Zimbabwe's wealthiest entrepreneur, Strive Masiyiwa, is pressing ahead with one of his most ambitious undertakings yet — a billion-dollar technology city on an 800-acre site near Harare's main airport. Branded Econet Tech City, the project is designed to position Zimbabwe as a competitive destination for international industrial and high-tech investment, placing it alongside regional hubs in Lagos, Nairobi, Cape Town, and Kigali.
Econet InfraCo: The Corporate Engine Behind the Project
The development will be managed by Econet InfraCo, a standalone infrastructure platform that consolidates Econet Wireless Zimbabwe's telecommunications towers, renewable energy systems, and strategic real estate holdings. Listed on the Victoria Falls Stock Exchange under the ticker INFR.VX, the entity was introduced to the US dollar-denominated bourse on 31 March by way of introduction — meaning no fresh capital was raised at listing. Econet InfraCo is projected to carry a market valuation of one billion dollars, making it the 16th equity on the exchange.
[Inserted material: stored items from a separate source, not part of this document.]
lemma product_eq_unit_commute: "x \<in> Q \<Longrightarrow> y \<in> Q \<Longrightarrow> m x y = e \<Longrightarrow> m y x = e"
  by (simp add: eq_rinv_iff)

lemma product_eq_unit_rotate:
  assumes "x \<in> Q" "y \<in> Q" "z \<in> Q" "m (m x y) z = e"
  shows "m (m y z) x = e"
proof -
  have "z = m (rinv y) (rinv x)"
    using assms by (simp add: eq_rinv_iff rinv_mult)
  then show ?thesis
    using assms by simp
qed

lemma right_moufang:
  assumes "x \<in> Q" "y \<in> Q" "z \<in> Q"
  shows "m (m (m x y) z) y = m x (m (m y z) y)"
proof -
  define b where "b = m x y"
  have b: "b \<in> Q" "rinv (m y (rinv b)) = x"
    using assms by (simp_all add: b_def rinv_mult)
  have "m (m y (rinv b)) (m (m b z) y) = m (m y (m (rinv b) (m b z))) y"
    using moufang [of y "rinv b" "m b z"] assms b by simp
  also have "\<dots> = m y (m z y)"
    using assms b by (simp add: flexible)
  finally have "m (m b z) y = m x (m y (m z y))"
    using left_inverse_property [of "m y (rinv b)" "m (m b z) y"] assms b by simp
  then show ?thesis
    using assms by (simp add: b_def flexible)
qed

lemma right_translation_pow:
  assumes "x \<in> Q"
  shows "y \<in> Q \<Longrightarrow> m y (loop_pow m e x n) = ((\<lambda>z. m z x) ^^ n) y"
proof (induction n arbitrary: y rule: induct_nat_012)
  case (ge2 n)
  have "loop_pow m e x (Suc n) = ((\<lambda>z. m z x) ^^ n) x"
    using assms by (simp add: loop_pow_eq_funpow funpow_Suc_right del: funpow.simps)
  then have "m x (loop_pow m e x n) = loop_pow m e x (Suc n)"
    using ge2.IH(1) [of x] assms by simp
  then have "m y (loop_pow m e x (Suc (Suc n))) = m (m (m y x) (loop_pow m e x n)) x"
    using right_moufang [of y x "loop_pow m e x n"] ge2.prems assms by simp
  also have "\<dots> = ((\<lambda>z. m z x) ^^ Suc (Suc n)) y"
    using ge2.IH(1) [of "m y x"] funpow_swap1 [of "\<lambda>z. m z x" n y] ge2.prems assms by simp
  finally show ?case .
qed (use assms in simp_all)

lemma pow_add:
  assumes "x \<in> Q"
  shows "m (loop_pow m e x k) (loop_pow m e x n) = loop_pow m e x (k + n)"
proof -
  have "m (loop_pow m e x k) (loop_pow m e x n) = ((\<lambda>z. m z x) ^^ n) (loop_pow m e x k)"
    using assms by (simp add: right_translation_pow)
  also have "\<dots> = loop_pow m e x (k + n)"
    by (simp add: loop_pow_eq_funpow add.commute [of k] funpow_add)
  finally show ?thesis .
qed

lemma pow_mult: "x \<in> Q \<Longrightarrow> loop_pow m e (loop_pow m e x k) n = loop_pow m e x (k * n)"
  by (induction n) (simp_all add: pow_add add.commute)
definition is_refinement :: "('s,'t) opt \<Rightarrow> 's \<Rightarrow> 't list \<Rightarrow> 't \<Rightarrow> bool" where
  "is_refinement T S Ps Om \<longleftrightarrow>
     (\<exists>U\<in>tests T (unitS T) S. \<exists>idx. distinct idx \<and> set idx \<subseteq> {..<length U} \<and>
        Ps = map (\<lambda>i. U ! i) idx) \<and> sums_to T S Ps Om"

definition schemes :: "('s,'t) opt \<Rightarrow> 's \<Rightarrow> 's \<Rightarrow> nat \<Rightarrow> nat \<Rightarrow> ('t \<times> 't) set" where
  "schemes T Ob A N M = {(E, D). E \<in> Tr1 T (spow T A N) (spow T Ob M) \<and>
                                 D \<in> Tr1 T (spow T Ob M) (spow T A N)}"

definition refs_of_dil :: "('s,'t) opt \<Rightarrow> 's \<Rightarrow> 't \<Rightarrow> nat \<Rightarrow> ('s \<times> 't list) set" where
  "refs_of_dil T A rho N = {(C, Ps). \<exists>Om. is_dilation T (spow T A N) C Om (tpow T rho N) \<and>
                               is_refinement T (tensS T (spow T A N) C) Ps Om}"

definition Eset :: "('s,'t) opt \<Rightarrow> 's \<Rightarrow> 's \<Rightarrow> 't \<Rightarrow> nat \<Rightarrow> nat \<Rightarrow> real \<Rightarrow> ('t \<times> 't) set" where
  "Eset T Ob A rho N M eps = {(E, D). (E, D) \<in> schemes T Ob A N M \<and>
     (SUP p\<in>refs_of_dil T A rho N.
        ereal (\<Sum>Psi\<leftarrow>snd p. opnorm_diff T (tensS T (spow T A N) (fst p))
                 (seqc T (parc T (seqc T D E) (idt T (fst p))) Psi) Psi)) < ereal eps}"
A Self-Sustaining Industrial Ecosystem
Masiyiwa has been explicit about the philosophy underpinning the project. Speaking on the rationale for the hub model, he said modern international investors require environments where essential services — power, water, fibre and satellite connectivity, industrial waste management, security, street lighting, and staff transport — are available from day one, without navigating complex local planning or licensing processes. Econet Tech City is intended to function as precisely that kind of one-stop shop. Plans include a shopping mall and clinic within the perimeter, though housing and office blocks are excluded from the initial scope. Security infrastructure will comprise perimeter fortifications, round-the-clock manned guarding, comprehensive CCTV surveillance, and aerial drone monitoring.
Jobs, Investment, and Government Partnership
Once fully operational, the hub is projected to accommodate approximately 300 businesses and generate more than 20,000 jobs, which would make it the largest private-sector development initiative in Zimbabwe's recent history. Masiyiwa acknowledged that government cooperation remains critical to meeting timelines, noting that the site could be completed within two years from Econet's side, but that state-backed incentives for incoming businesses would be decisive. The tech city ambition forms part of a broader technology push by Masiyiwa, which includes a partnership with NVIDIA to build artificial intelligence factories across Africa and a joint venture with a United States firm aimed at accelerating stablecoin adoption on the continent.